#### YOUR ASSIGNMENT
Whenever a line in the entries below contains "open", copy that line.
**** STORED DATA ****
(* Let $n\ge3$, $\delta>0$, and let $F\subset C^2([0,1]^{n-1})$ be a cinematic family (cinematic constant $K$, doubling constant $D$, modulus of continuity $\alpha$). Let $f,g\in F$ with $\|f-g\|_{C^2([0,1]^{n-1})}\in[\delta,1]$. Let $\epsilon>0$, $0<s\le1$, and let $E\subset[0,1]^{n-1}$ be a $(\delta,n-2+s,\delta^{-\epsilon})$-set with $|E|\le\delta^{-(n-2+s)}$. Let $P_{f,g}$ be the orthogonal projection of $f^\delta\cap g^\delta$ onto $[0,1]^{n-1}$ (the first $n-1$ coordinates). Then $$|E\cap P_{f,g}|_\delta\lesssim\delta^{-\epsilon}\frac{\delta^{-(n-2)}}{\|f-g\|^s_{C^2([0,1]^{n-1})}},$$ with implicit constant depending only on $n$ and the parameters of $F$.
   Context: $|E|$ is cardinality and $|A|_\delta$ the $\delta$-covering number. A bounded set $P\subset\mathbb{R}^{n-1}$ is a $(\delta,\sigma,C)$-set if $|P\cap B(x,r)|_\delta\le Cr^\sigma|P|_\delta$ for all $x$ and $r\ge\delta$. For $f\in C^2([0,1]^{n-1})$, $f^\delta:=\{(x,y)\in[0,1]^{n-1}\times\mathbb{R}:|y-f(x)|\le\delta\}$. Cinematic family: for a domain $U\subset\mathbb{R}^k$, $F\subset C^2(U)$ is a cinematic family with cinematic constant $K$, doubling constant $D$ and modulus of continuity $\alpha$ if: (1) $F$ lies in a ball of diameter $K$ in $C^2(U)$; (2) $F$ is doubling with constant at most $D$; (3) for all $f,g\in F$ and $\xi\in S^{k-1}$, $\inf_{x\in U}\{|f-g|(x)+|\nabla f-\nabla g|(x)+|\nabla_\xi\nabla_\xi(f-g)(x)|\}\ge K^{-1}\|f-g\|_{C^2(U)}$, with $\nabla_\xi\nabla_\xi h=\langle\nabla^2h\,\xi,\xi\rangle$; (4) there is an increasing continuous $\alpha:[0,1]\to[0,\infty)$, $\alpha(0)=0$, $0<\alpha(s)\le K^{-1}s$ for $s\in(0,1]$, such that for all $f,g\in F$, $\xi\in S^{k-1}$, sufficiently small $\eta>0$ and $x,y\in U$ with $|x-y|\le\alpha(\eta)$: $|\nabla_\xi\nabla_\xi(f-g)(x)-\nabla_\xi\nabla_\xi(f-g)(y)|\le\eta$. *)

theory Defs
  imports "HOL-Analysis.Analysis"
begin

text \<open>The domain [0,1]^(n-1), realised as real^'k with CARD('k) = n - 1.\<close>
definition unit_cube :: "(real^'k::finite) set" where
  "unit_cube = cbox 0 1"

definition grad :: "(real^'k::finite) set \<Rightarrow> (real^'k \<Rightarrow> real) \<Rightarrow> real^'k \<Rightarrow> real^'k" where
  "grad U f x = (SOME v. (f has_derivative (\<lambda>h. v \<bullet> h)) (at x within U))"

definition hess :: "(real^'k::finite) set \<Rightarrow> (real^'k \<Rightarrow> real) \<Rightarrow> real^'k \<Rightarrow> real^'k^'k" where
  "hess U f x = (SOME M. (grad U f has_derivative (\<lambda>h. M *v h)) (at x within U))"

definition C2_on :: "(real^'k::finite) set \<Rightarrow> (real^'k \<Rightarrow> real) \<Rightarrow> bool" where
  "C2_on U f \<longleftrightarrow>
     (\<forall>x\<in>U. (f has_derivative (\<lambda>h. grad U f x \<bullet> h)) (at x within U)
           \<and> (grad U f has_derivative (\<lambda>h. hess U f x *v h)) (at x within U))
     \<and> continuous_on U (hess U f)"

definition C2_norm :: "(real^'k::finite) set \<Rightarrow> (real^'k \<Rightarrow> real) \<Rightarrow> real" where
  "C2_norm U h = (SUP x\<in>U. \<bar>h x\<bar>) + (SUP x\<in>U. norm (grad U h x))
                 + (SUP x\<in>U. onorm (\<lambda>v. hess U h x *v v))"

definition dd2 :: "(real^'k::finite) set \<Rightarrow> (real^'k \<Rightarrow> real) \<Rightarrow> real^'k \<Rightarrow> real^'k \<Rightarrow> real" where
  "dd2 U h \<xi> x = (hess U h x *v \<xi>) \<bullet> \<xi>"
(* For $x\in\mathbb{R}^d\setminus\{0\}$ (for every $d$), $0\le a<b\le1$ and $r>0$, $$\lim_{d\to+\infty}\frac1d\ln\left(\frac{|B(x,r,a,b)|}{v_d}\right)=\ln\big(r\sqrt{1-a^2}\big).$$
   Context: $v_d$ is the volume of the unit Euclidean ball of $\mathbb{R}^d$ and $|\cdot|$ is Lebesgue measure. For $x\in\mathbb{R}^d\setminus\{0\}$, $0\le a<b\le1$ and $r>0$: if $a>0$, $B(x,r,a,b)=\{y\in\mathbb{R}^d:\|y-x\|\le r,\ ar<\langle y-x,x/\|x\|\rangle\le br\}$; if $a=0$, $B(x,r,a,b)=\{y\in\mathbb{R}^d:\|y-x\|\le r,\ \langle y-x,x/\|x\|\rangle\le br\}$. *)

theory Defs
  imports "HOL-Analysis.Analysis"
begin

text \<open>R^d is modelled as the extensional functions {..<d} -> real, with Lebesgue measure
  given by the product measure of d copies of lborel.\<close>

definition Rsp :: "nat \<Rightarrow> (nat \<Rightarrow> real) measure" where
  "Rsp d = PiM {..<d} (\<lambda>_. lborel)"

definition ipd :: "nat \<Rightarrow> (nat \<Rightarrow> real) \<Rightarrow> (nat \<Rightarrow> real) \<Rightarrow> real" where
  "ipd d x y = (\<Sum>i<d. x i * y i)"

definition nrmd :: "nat \<Rightarrow> (nat \<Rightarrow> real) \<Rightarrow> real" where
  "nrmd d x = sqrt (\<Sum>i<d. (x i)\<^sup>2)"

definition vball :: "nat \<Rightarrow> real" where
  "vball d = measure (Rsp d) {y \<in> space (Rsp d). nrmd d y \<le> 1}"

definition Bset :: "nat \<Rightarrow> (nat \<Rightarrow> real) \<Rightarrow> real \<Rightarrow> real \<Rightarrow> real \<Rightarrow> (nat \<Rightarrow> real) set" where
  "Bset d x r a b = {y \<in> space (Rsp d).
      nrmd d (\<lambda>i. y i - x i) \<le> r \<and>
      (a > 0 \<longrightarrow> a * r < ipd d (\<lambda>i. y i - x i) x / nrmd d x) \<and>
      ipd d (\<lambda>i. y i - x i) x / nrmd d x \<le> b * r}"

end

theory Submission
  imports Defs
begin

(* Write u = x/|x| and R = r sqrt(1 - a^2). Every point of B(x,r,a,b) lies within distance R
   of x + a r u, so |B| <= v_d R^d. Conversely, for \<rho> < R and small \<delta> > 0, a point of the ball
   of radius \<rho> about x + (a r + \<delta>) u whose offset along u is at most \<delta> in absolute value lies
   in B, and every other point of that ball lies in the ball of radius sqrt(\<rho>^2 - \<delta>^2) < \<rho>
   about x + a r u or about x + (a r + 2\<delta>) u. These two balls are exponentially negligible
   against v_d \<rho>^d, so |B|/v_d lies between \<rho>^d/2 and R^d for large d. *)

definition cball_Rsp :: "nat \<Rightarrow> (nat \<Rightarrow> real) \<Rightarrow> real \<Rightarrow> (nat \<Rightarrow> real) set" where
  "cball_Rsp d c \<rho> = {y \<in> space (Rsp d). nrmd d (\<lambda>i. y i - c i) \<le> \<rho>}"

definition ray :: "nat \<Rightarrow> (nat \<Rightarrow> real) \<Rightarrow> real \<Rightarrow> nat \<Rightarrow> real" where
  "ray d x t = (\<lambda>i. x i + t * (x i / nrmd d x))"

lemma nrmd_translate_measurable [measurable]:
  "(\<lambda>y. nrmd d (\<lambda>i. y i - c i)) \<in> borel_measurable (Rsp d)"
  unfolding nrmd_def Rsp_def by measurable

lemma ipd_translate_measurable [measurable]:
  "(\<lambda>y. ipd d (\<lambda>i. y i - c i) x) \<in> borel_measurable (Rsp d)"
  unfolding ipd_def Rsp_def by measurable

lemma sets_cball_Rsp [measurable]: "cball_Rsp d c \<rho> \<in> sets (Rsp d)"
  unfolding cball_Rsp_def by measurable

lemma sets_Bset [measurable]: "Bset d x r a b \<in> sets (Rsp d)"
  unfolding Bset_def by measurable

lemma distr_Rsp_translate:
  "distr (Rsp d) (Rsp d) (\<lambda>y. restrict (\<lambda>i. c i + y i) {..<d}) = Rsp d"
proof -
  interpret product_sigma_finite "\<lambda>_::nat. lborel :: real measure" ..
  let ?T = "\<lambda>y. restrict (\<lambda>i. c i + y i) {..<d}"
  have T: "?T \<in> Rsp d \<rightarrow>\<^sub>M Rsp d"
    unfolding Rsp_def by measurable
  show ?thesis unfolding Rsp_def
  proof (rule PiM_eqI)
    fix A :: "nat \<Rightarrow> real set" assume A: "\<And>i. i \<in> {..<d} \<Longrightarrow> A i \<in> sets lborel"
    let ?P = "Pi\<^sub>M {..<d} (\<lambda>_. lborel :: real measure)"
    have sets_A: "Pi\<^sub>E {..<d} A \<in> sets ?P"
      using A by (auto intro: sets_PiM_I_finite)
    have sets_pre: "(+) (c i) -` A i \<in> sets lborel" if "i < d" for i
      using A that measurable_sets_borel[of "(+) (c i)" borel "A i"] by simp
    have "emeasure (distr ?P ?P ?T) (Pi\<^sub>E {..<d} A) = emeasure ?P (?T -` Pi\<^sub>E {..<d} A \<inter> space ?P)"
      using T sets_A unfolding Rsp_def by (rule emeasure_distr)
    also have "?T -` Pi\<^sub>E {..<d} A \<inter> space ?P = Pi\<^sub>E {..<d} (\<lambda>i. (+) (c i) -` A i)"
      by (auto simp: space_PiM PiE_def Pi_def extensional_def)
    also have "emeasure ?P \<dots> = (\<Prod>i<d. emeasure lborel ((+) (c i) -` A i))"
      using sets_pre by (subst emeasure_PiM) auto
    also have "\<dots> = (\<Prod>i<d. emeasure lborel (A i))"
    proof (rule prod.cong)
      fix i assume "i \<in> {..<d}"
      then have "emeasure lborel ((+) (c i) -` A i) = emeasure (distr lborel borel ((+) (c i))) (A i)"
        using A by (simp add: emeasure_distr)
      then show "emeasure lborel ((+) (c i) -` A i) = emeasure lborel (A i)"
        by (simp only: lborel_distr_plus)
    qed simp
    finally show "emeasure (distr ?P ?P ?T) (Pi\<^sub>E {..<d} A) = (\<Prod>i<d. emeasure lborel (A i))" .
  qed auto
qed

lemma emeasure_cball_Rsp:
  assumes "\<rho> > 0"
  shows "emeasure (Rsp d) (cball_Rsp d c \<rho>) = ennreal (unit_ball_vol (real d) * \<rho> ^ d)"
proof -
  let ?T = "\<lambda>y. restrict (\<lambda>i. c i + y i) {..<d}"
  have T: "?T \<in> Rsp d \<rightarrow>\<^sub>M Rsp d"
    unfolding Rsp_def by measurable
  have "emeasure (Rsp d) (cball_Rsp d c \<rho>) = emeasure (distr (Rsp d) (Rsp d) ?T) (cball_Rsp d c \<rho>)"
    by (simp add: distr_Rsp_translate)
  also have "\<dots> = emeasure (Rsp d) (?T -` cball_Rsp d c \<rho> \<inter> space (Rsp d))"
    using T by (simp add: emeasure_distr)
  also have "?T -` cball_Rsp d c \<rho> \<inter> space (Rsp d)
      = {f. sqrt (\<Sum>i\<in>{..<d}. (f i)\<^sup>2) \<le> \<rho>} \<inter> space (Pi\<^sub>M {..<d} (\<lambda>_. lborel))"
    using measurable_space[OF T] by (auto simp: cball_Rsp_def nrmd_def Rsp_def space_PiM)
  also have "emeasure (Rsp d) \<dots> = ennreal (unit_ball_vol (real d) * \<rho> ^ d)"
    unfolding Rsp_def using assms by (subst emeasure_cball_aux) auto
  finally show ?thesis .
qed

lemma fmeasurable_cball_Rsp: "\<rho> > 0 \<Longrightarrow> cball_Rsp d c \<rho> \<in> fmeasurable (Rsp d)"
  by (rule fmeasurableI) (auto simp: emeasure_cball_Rsp)

lemma vball_eq_unit_ball_vol: "vball d = unit_ball_vol (real d)"
proof -
  have "vball d = measure (Rsp d) (cball_Rsp d (\<lambda>_. 0) 1)"
    by (simp add: vball_def cball_Rsp_def)
  then show ?thesis
    by (simp add: measure_def emeasure_cball_Rsp)
qed

lemma vball_pos: "vball d > 0"
  by (simp add: vball_eq_unit_ball_vol)

lemma measure_cball_Rsp: "\<rho> > 0 \<Longrightarrow> measure (Rsp d) (cball_Rsp d c \<rho>) = vball d * \<rho> ^ d"
  by (simp add: measure_def emeasure_cball_Rsp vball_eq_unit_ball_vol)

lemma nrmd_le_iff: "\<rho> \<ge> 0 \<Longrightarrow> nrmd d w \<le> \<rho> \<longleftrightarrow> (\<Sum>i<d. (w i)\<^sup>2) \<le> \<rho>\<^sup>2"
  unfolding nrmd_def by (simp add: real_sqrt_le_iff' sum_nonneg)

lemma nrmd_pos: "\<exists>i<d. x i \<noteq> 0 \<Longrightarrow> nrmd d x > 0"
  unfolding nrmd_def by (auto intro!: sum_pos2)

lemma sum_power2_normalize:
  assumes "nrmd d x > 0"
  shows "(\<Sum>i<d. (x i / nrmd d x)\<^sup>2) = 1"
proof -
  have "(\<Sum>i<d. (x i)\<^sup>2) = (nrmd d x)\<^sup>2"
    unfolding nrmd_def by (simp add: sum_nonneg)
  with assms show ?thesis
    by (simp add: power_divide flip: sum_divide_distrib)
qed

lemma sum_power2_add_scaled:
  fixes w u :: "nat \<Rightarrow> real"
  shows "(\<Sum>i<d. (w i + s * u i)\<^sup>2)
    = (\<Sum>i<d. (w i)\<^sup>2) + 2 * s * (\<Sum>i<d. w i * u i) + s\<^sup>2 * (\<Sum>i<d. (u i)\<^sup>2)"
  by (simp add: power2_eq_square algebra_simps sum.distrib sum_distrib_left)

lemma nrmd_add_scaled_le:
  fixes w u :: "nat \<Rightarrow> real"
  assumes u: "(\<Sum>i<d. (u i)\<^sup>2) = 1" and w: "(\<Sum>i<d. (w i)\<^sup>2) \<le> \<rho>\<^sup>2"
    and s: "s * (\<Sum>i<d. w i * u i) \<le> - s\<^sup>2" and "s\<^sup>2 \<le> \<rho>\<^sup>2"
  shows "nrmd d (\<lambda>i. w i + s * u i) \<le> sqrt (\<rho>\<^sup>2 - s\<^sup>2)"
proof -
  have "(\<Sum>i<d. (w i + s * u i)\<^sup>2) \<le> \<rho>\<^sup>2 - s\<^sup>2"
    using w s unfolding sum_power2_add_scaled u by simp
  with \<open>s\<^sup>2 \<le> \<rho>\<^sup>2\<close> show ?thesis
    by (simp add: nrmd_le_iff)
qed

lemma mem_Bset_iff:
  "y \<in> Bset d x r a b \<longleftrightarrow> y \<in> space (Rsp d) \<and> nrmd d (\<lambda>i. y i - x i) \<le> r \<and>
    (a > 0 \<longrightarrow> a * r < (\<Sum>i<d. (y i - x i) * (x i / nrmd d x))) \<and>
    (\<Sum>i<d. (y i - x i) * (x i / nrmd d x)) \<le> b * r"
  by (simp add: Bset_def ipd_def sum_divide_distrib)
****
#### EXERCISE ANSWER
text \<open>The domain [0,1]^(n-1), realised as real^'k with CARD('k) = n - 1.\<close>
text \<open>R^d is modelled as the extensional functions {..<d} -> real, with Lebesgue measure
  with \<open>s\<^sup>2 \<le> \<rho>\<^sup>2\<close> show ?thesis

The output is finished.